Sur les frais du procès et l’exécution provisoire
Mme [G] [L], qui succombe à la cause, sera condamnée aux dépens de la présente instance, conformément à l’article 696 du code de procédure civile, en ce compris le coût du commandement de payer.
L’équité commande par ailleurs de faire droit à hauteur de 200 euros à la demande de SA ELOGIE-SIEMP au titre de l’article 700 du code de procédure civile.

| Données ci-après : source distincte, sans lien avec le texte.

(* Let $(T,X)$ be an unbounded M-flow, where $T$ is a Hausdorff topological group and $X$ a Hausdorff uniform space (not necessarily compact). Then $(T,X)$ is sensitive to initial conditions on $X$.
   Context: $\mathscr U_X$ is a compatible symmetric uniformity of $X$, $\varepsilon[A]=\{y:\exists a\in A,(a,y)\in\varepsilon\}$. $A\subseteq T$ is syndetic if there is compact $K\subseteq T$ with $Kt\cap A\ne\emptyset$ for all $t$. A point $x$ is a.p. if $\{t:tx\in U\}$ is syndetic for every neighborhood $U$ of $x$. The flow is topologically transitive if $\{t:V\cap tU\ne\emptyset\}\ne\emptyset$ for all nonempty open $U,V$; it is an M-flow if it is topologically transitive and its a.p. points are dense. $(T,X)$ is bounded if for every $\alpha\in\mathscr U_X$ there exist $x_0\in X$ and compact $K\subseteq T$ with $\alpha[Kx_0]=X$; otherwise it is unbounded. $(T,X)$ is sensitive to initial conditions on $X$ if there is $\varepsilon\in\mathscr U_X$ such that for every $x\in X$ and every neighborhood $U$ of $x$ there exist $y\in U$ and $t\in T$ with $(tx,ty)\notin\varepsilon$. *)

theory Defs
  imports "HOL-Analysis.Analysis"
begin

text \<open>A flow (T,X): a topological group T (written additively, not necessarily
commutative; neutral element 0) acting jointly continuously on a space X,
with (s t) x = s (t x) rendered as act (s + t) x = act s (act t x).\<close>

definition is_flow :: "('g::topological_group_add \<Rightarrow> 'x::topological_space \<Rightarrow> 'x) \<Rightarrow> bool" where
  "is_flow act \<longleftrightarrow>
     continuous_on UNIV (\<lambda>p. act (fst p) (snd p)) \<and>
     (\<forall>x. act 0 x = x) \<and>
     (\<forall>s t x. act (s + t) x = act s (act t x))"

definition entourage :: "('x::uniform_space \<times> 'x) set \<Rightarrow> bool" where
  "entourage \<epsilon> \<longleftrightarrow> eventually (\<lambda>p. p \<in> \<epsilon>) uniformity"

definition syndetic :: "'g::topological_group_add set \<Rightarrow> bool" where
  "syndetic A \<longleftrightarrow> (\<exists>K. compact K \<and> (\<forall>t. (\<lambda>k. k + t) ` K \<inter> A \<noteq> {}))"

definition ap_point :: "('g::topological_group_add \<Rightarrow> 'x::topological_space \<Rightarrow> 'x) \<Rightarrow> 'x \<Rightarrow> bool" where
  "ap_point act x \<longleftrightarrow> (\<forall>U. open U \<longrightarrow> x \<in> U \<longrightarrow> syndetic {t. act t x \<in> U})"

definition top_transitive :: "('g::topological_group_add \<Rightarrow> 'x::topological_space \<Rightarrow> 'x) \<Rightarrow> bool" where
  "top_transitive act \<longleftrightarrow>
     (\<forall>U V. open U \<longrightarrow> U \<noteq> {} \<longrightarrow> open V \<longrightarrow> V \<noteq> {} \<longrightarrow>
        {t. V \<inter> act t ` U \<noteq> {}} \<noteq> {})"

definition M_flow :: "('g::topological_group_add \<Rightarrow> 'x::topological_space \<Rightarrow> 'x) \<Rightarrow> bool" where
  "M_flow act \<longleftrightarrow> top_transitive act \<and> closure {x. ap_point act x} = UNIV"

definition bounded_flow :: "('g::topological_group_add \<Rightarrow> 'x::uniform_space \<Rightarrow> 'x) \<Rightarrow> bool" where
  "bounded_flow act \<longleftrightarrow>
     (\<forall>\<alpha>. entourage \<alpha> \<longrightarrow>
        (\<exists>x0 K. compact K \<and> \<alpha> `` ((\<lambda>k. act k x0) ` K) = UNIV))"

definition sensitive :: "('g::topological_group_add \<Rightarrow> 'x::uniform_space \<Rightarrow> 'x) \<Rightarrow> bool" where
  "sensitive act \<longleftrightarrow>
     (\<exists>\<epsilon>. entourage \<epsilon> \<and>
        (\<forall>x U. open U \<longrightarrow> x \<in> U \<longrightarrow> (\<exists>y\<in>U. \<exists>t. (act t x, act t y) \<notin> \<epsilon>)))"

end

theory Submission
  imports Defs
begin

text \<open>Suppose sensitivity fails for a small symmetric entourage \<epsilon>: the orbits of all points of
some open set U around x stay \<epsilon>-close to the orbit of x. Pick an almost periodic point z in U,
whose return times to U are syndetic with respect to a compact set K. Any point w is approached by
an orbit point t y with y \<in> U (transitivity), and some k \<in> K returns (k + t) z to U. Then
  (-k) x ~ t z ~ t x ~ t y ~ w,
each step within \<epsilon>, so w lies within \<epsilon> O \<epsilon> O \<epsilon> O \<epsilon> of the compact orbit piece (-K) x.
Choosing \<epsilon> O \<epsilon> O \<epsilon> O \<epsilon> inside an entourage that witnesses unboundedness gives a contradiction.\<close>

lemma entourage_relcomp_subset:
  assumes "entourage \<alpha>"
  obtains \<beta> where "entourage \<beta>" "\<beta> O \<beta> \<subseteq> \<alpha>"
proof -
  obtain D where "eventually D uniformity" "\<And>x y z. D (x, y) \<Longrightarrow> D (y, z) \<Longrightarrow> (x, z) \<in> \<alpha>"
    using assms uniformity_transE unfolding entourage_def by blast
  then show ?thesis
    by (intro that[of "{p. D p}"]) (auto simp: entourage_def)
qed

lemma entourage_symmetric_subset:
  assumes "entourage \<alpha>"
  obtains \<beta> where "entourage \<beta>" "sym \<beta>" "\<beta> \<subseteq> \<alpha>"
proof
  have "eventually (\<lambda>(x, y). (y, x) \<in> \<alpha>) uniformity"
    using assms uniformity_sym unfolding entourage_def by blast
  from eventually_conj[OF assms[unfolded entourage_def] this]
  have "eventually (\<lambda>p. p \<in> \<alpha> \<and> (snd p, fst p) \<in> \<alpha>) uniformity"
    by (simp add: case_prod_beta)
  then show "entourage (\<alpha> \<inter> \<alpha>\<inverse>)"
    unfolding entourage_def by (rule eventually_mono) auto
qed (auto intro: symI)

lemma entourage_symmetric_relcomp4_subset:
  assumes "entourage \<alpha>"
  obtains \<epsilon> where "entourage \<epsilon>" "sym \<epsilon>" "\<epsilon> O \<epsilon> O \<epsilon> O \<epsilon> \<subseteq> \<alpha>"
proof -
  obtain \<beta> where \<beta>: "entourage \<beta>" "\<beta> O \<beta> \<subseteq> \<alpha>"
    using assms entourage_relcomp_subset by blast
  obtain \<gamma> where \<gamma>: "entourage \<gamma>" "\<gamma> O \<gamma> \<subseteq> \<beta>"
    using \<beta>(1) entourage_relcomp_subset by blast
  obtain \<epsilon> where \<epsilon>: "entourage \<epsilon>" "sym \<epsilon>" "\<epsilon> \<subseteq> \<gamma>"
    using \<gamma>(1) entourage_symmetric_subset by blast
  have "\<epsilon> O \<epsilon> \<subseteq> \<beta>"
    using \<epsilon>(3) \<gamma>(2) relcomp_mono by blast
  then have "(\<epsilon> O \<epsilon>) O (\<epsilon> O \<epsilon>) \<subseteq> \<alpha>"
    using \<beta>(2) relcomp_mono by blast
  then show ?thesis
    using that \<epsilon>(1,2) by (simp add: O_assoc)
qed

lemma entourage_eventually_nhds:
  assumes "entourage \<epsilon>"
  shows "eventually (\<lambda>y. (w, y) \<in> \<epsilon>) (nhds w)"
  unfolding eventually_nhds_uniformity
  using assms unfolding entourage_def by (rule eventually_mono) auto

lemma flow_act_cancel:
  assumes "is_flow act"
  shows "act (- k) (act (k + t) z) = act t z"
proof -
  have act_add: "act (s + r) y = act s (act r y)" for s r y
    using assms unfolding is_flow_def by blast
  have "act (- k) (act (k + t) z) = act (- k + (k + t)) z"
    by (simp only: act_add)
  also have "\<dots> = act t z"
    by simp
  finally show ?thesis .
qed

lemma ap_point_return_times:
  assumes "ap_point act z" "open U" "z \<in> U"
  shows "\<exists>K. compact K \<and> (\<forall>t. \<exists>k\<in>K. act (k + t) z \<in> U)"
proof -
  have "syndetic {t. act t z \<in> U}"
    using assms unfolding ap_point_def by simp
  then obtain K where "compact K" and hit: "\<And>t. (\<lambda>k. k + t) ` K \<inter> {s. act s z \<in> U} \<noteq> {}"
    unfolding syndetic_def by auto
  moreover have "\<exists>k\<in>K. act (k + t) z \<in> U" for t
    using hit[of t] by auto
  ultimately show ?thesis
    by auto
qed

lemma M_flow_ap_point_in_open:
  assumes "M_flow act" "open U" "x \<in> U"
  shows "\<exists>z\<in>U. ap_point act z"
  using assms open_Int_closure_eq_empty[OF assms(2), of "{z. ap_point act z}"]
  unfolding M_flow_def by blast

lemma top_transitive_hits:
  assumes "top_transitive act" "open U" "y \<in> U" "open V" "w \<in> V"
  shows "\<exists>t. \<exists>y'\<in>U. act t y' \<in> V"
  using assms unfolding top_transitive_def by blast

lemma M_flow_shadowed_orbit_covers:
  assumes "is_flow act" "M_flow act" "entourage \<epsilon>" "sym \<epsilon>"
    and "open U" "x \<in> U" and shadow: "\<And>y t. y \<in> U \<Longrightarrow> (act t x, act t y) \<in> \<epsilon>"
  shows "\<exists>K. compact K \<and> (\<epsilon> O \<epsilon> O \<epsilon> O \<epsilon>) `` ((\<lambda>k. act k x) ` K) = UNIV"
proof -
  obtain z where z: "z \<in> U" "ap_point act z"
    using M_flow_ap_point_in_open[OF assms(2,5,6)] by auto
  obtain K where K: "compact K" and ret: "\<forall>t. \<exists>k\<in>K. act (k + t) z \<in> U"
    using ap_point_return_times[OF z(2) assms(5) z(1)] by blast
  have "(\<epsilon> O \<epsilon> O \<epsilon> O \<epsilon>) `` ((\<lambda>k. act k x) ` uminus ` K) = UNIV"
  proof (intro set_eqI iffI)
    fix w
    obtain V where V: "open V" "w \<in> V" "\<forall>y\<in>V. (w, y) \<in> \<epsilon>"
      using entourage_eventually_nhds[OF assms(3)] unfolding eventually_nhds by blast
    have "top_transitive act"
      using assms(2) unfolding M_flow_def by simp
    then obtain t y where y: "y \<in> U" "act t y \<in> V"
      using top_transitive_hits[OF _ assms(5,6) V(1,2)] by blast
    obtain k where k: "k \<in> K" "act (k + t) z \<in> U"
      using ret by auto
    have "(act (- k) x, act t z) \<in> \<epsilon>"
      using shadow[OF k(2), of "- k"] flow_act_cancel[OF assms(1)] by simp
    moreover have "(act t z, act t x) \<in> \<epsilon>"
      using shadow[OF z(1)] assms(4) by (auto dest: symD)
    moreover have "(act t x, act t y) \<in> \<epsilon>"
      using shadow[OF y(1)] .
    moreover have "(act t y, w) \<in> \<epsilon>"
      using V(3) y(2) assms(4) by (auto dest: symD)
    ultimately have "(act (- k) x, w) \<in> \<epsilon> O \<epsilon> O \<epsilon> O \<epsilon>"
      by (meson relcompI)
    then show "w \<in> (\<epsilon> O \<epsilon> O \<epsilon> O \<epsilon>) `` ((\<lambda>k. act k x) ` uminus ` K)"
      using k(1) by (intro ImageI[of "act (- k) x"]) auto
  qed simp
  moreover have "compact (uminus ` K)"
    by (rule compact_continuous_image[OF _ K]) (intro continuous_intros)
  ultimately show ?thesis
    by blast
qed

theorem theorem4:
  fixes act :: "'g::{topological_group_add, t2_space} \<Rightarrow> 'x::{uniform_space, t2_space} \<Rightarrow> 'x"
  assumes "is_flow act"
    and "M_flow act"
    and "\<not> bounded_flow act"
  shows "sensitive act"
proof -
  obtain \<alpha> where \<alpha>: "entourage \<alpha>"
    and not_covered: "\<forall>x0 K. compact K \<longrightarrow> \<alpha> `` ((\<lambda>k. act k x0) ` K) \<noteq> UNIV"
    using assms(3) unfolding bounded_flow_def by auto
  obtain \<epsilon> where \<epsilon>: "entourage \<epsilon>" "sym \<epsilon>" "\<epsilon> O \<epsilon> O \<epsilon> O \<epsilon> \<subseteq> \<alpha>"
    using \<alpha> entourage_symmetric_relcomp4_subset by blast
  show ?thesis
  proof (rule ccontr)
    assume "\<not> sensitive act"
    then obtain x U where U: "open U" "x \<in> U"
      and shadow: "\<And>y t. y \<in> U \<Longrightarrow> (act t x, act t y) \<in> \<epsilon>"
      using \<epsilon>(1) unfolding sensitive_def by auto
    obtain K where K: "compact K" and covered: "(\<epsilon> O \<epsilon> O \<epsilon> O \<epsilon>) `` ((\<lambda>k. act k x) ` K) = UNIV"
      using M_flow_shadowed_orbit_covers[OF assms(1,2) \<epsilon>(1,2) U shadow] by blast
    have "(\<epsilon> O \<epsilon> O \<epsilon> O \<epsilon>) `` ((\<lambda>k. act k x) ` K) \<subseteq> \<alpha> `` ((\<lambda>k. act k x) ` K)"
      using \<epsilon>(3) by (rule Image_mono) simp
    then have "\<alpha> `` ((\<lambda>k. act k x) ` K) = UNIV"
      unfolding covered by (rule top_le)
    with not_covered K show False
      by auto
  qed
qed

end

Selon l’article 514 du code de procédure civile, les décisions de première instance sont de droit exécutoires à titre provisoire à moins que la loi ou la décision rendue n’en dispose autrement. Selon le dernier alinéa de l’article 514-1 du même code, le juge ne peut toutefois pas écarter l’exécution provisoire de droit lorsqu’il statue en référé. La présente ordonnance sera donc assortie de l’exécution provisoire.
PAR CES MOTIFS,
La juge des contentieux de la protection, statuant après débats publics, par ordonnance mise à disposition au greffe, réputée contradictoire et en premier ressort,
CONSTATE que la dette locative visée dans le commandement de payer du 10 décembre 2024 n’a pas été réglée dans le délai de deux mois,
CONSTATE, en conséquence, que le contrat conclu le 29 juillet 2020 entre la SA ELOGIE-SIEMP, d’une part, et Mme [G] [L], d’autre part, concernant les locaux situés au [Adresse 1] à [Localité 3] est résilié depuis le 11 février 2025,
CONDAMNE Mme [G] [L] à payer à la SA ELOGIE-SIEMP la somme de 2761,61 euros à titre de provision sur l’arriéré locatif arrêté au 5 septembre 2025, avec intérêts au taux légal à compter de la présente décision,
AUTORISE Mme [G] [L] à se libérer de sa dette en réglant chaque mois pendant 27 mois, en plus du loyer courant, une somme minimale de 102 euros, la dernière échéance étant majorée du solde de la dette en principal, intérêts et frais,
DIT que le premier règlement devra intervenir dans les dix jours suivant la signification de la présente décision, puis, pour les paiements suivants, en même temps que le loyer, au plus tard le dixième jour de chaque mois, sauf meilleur accord entre les parties,
SUSPEND les effets de la clause résolutoire pendant l’exécution des délais de paiement accordés à Mme [G] [L],
DIT que si les délais accordés sont entièrement respectés, la clause résolutoire sera réputée n’avoir jamais été acquise,
DIT qu’en revanche, pour le cas où une mensualité, qu’elle soit due au titre du loyer et des charges courants ou de l’arriéré, resterait impayée quinze jours après l’envoi d’une mise en demeure par lettre recommandée avec avis de réception,
— le bail sera considéré comme résilié de plein droit depuis le 11 février 2025,
— le solde de la dette deviendra immédiatement exigible,
— la bailleresse pourra, à défaut de libération spontanée des lieux et dès l’expiration d’un délai de deux mois suivant la délivrance d’un commandement d’avoir à libérer les lieux, faire procéder à l’expulsion de Mme [G] [L] et à celle de tous occupants de son chef, au besoin avec l’assistance de la force publique,
— le sort des meubles sera régi conformément aux dispositions des articles L. 433-1 et L. 433-2 du code des procédures civiles d’exécution,
— Mme [G] [L] sera condamnée à verser à la SA ELOGIE-SIEMP une indemnité d’occupation mensuelle à titre de provision égale au montant des loyers et charges qui auraient été dus en cas de poursuite du bail, et ce, jusqu’à la date de libération effective et définitive des lieux,
CONDAMNE Mme [G] [L] aux dépens comprenant notamment le coût du commandement de payer du 10 décembre 2024,
CONDAMNE Mme [G] [L] à payer à la SA ELOGIE-SIEMP la somme de 200 euros au titre de l’article 700 du code de procédure civile,
Ainsi jugé par mise à disposition au greffe le 7 novembre 2025, et signé par la juge et la greffière susnommées.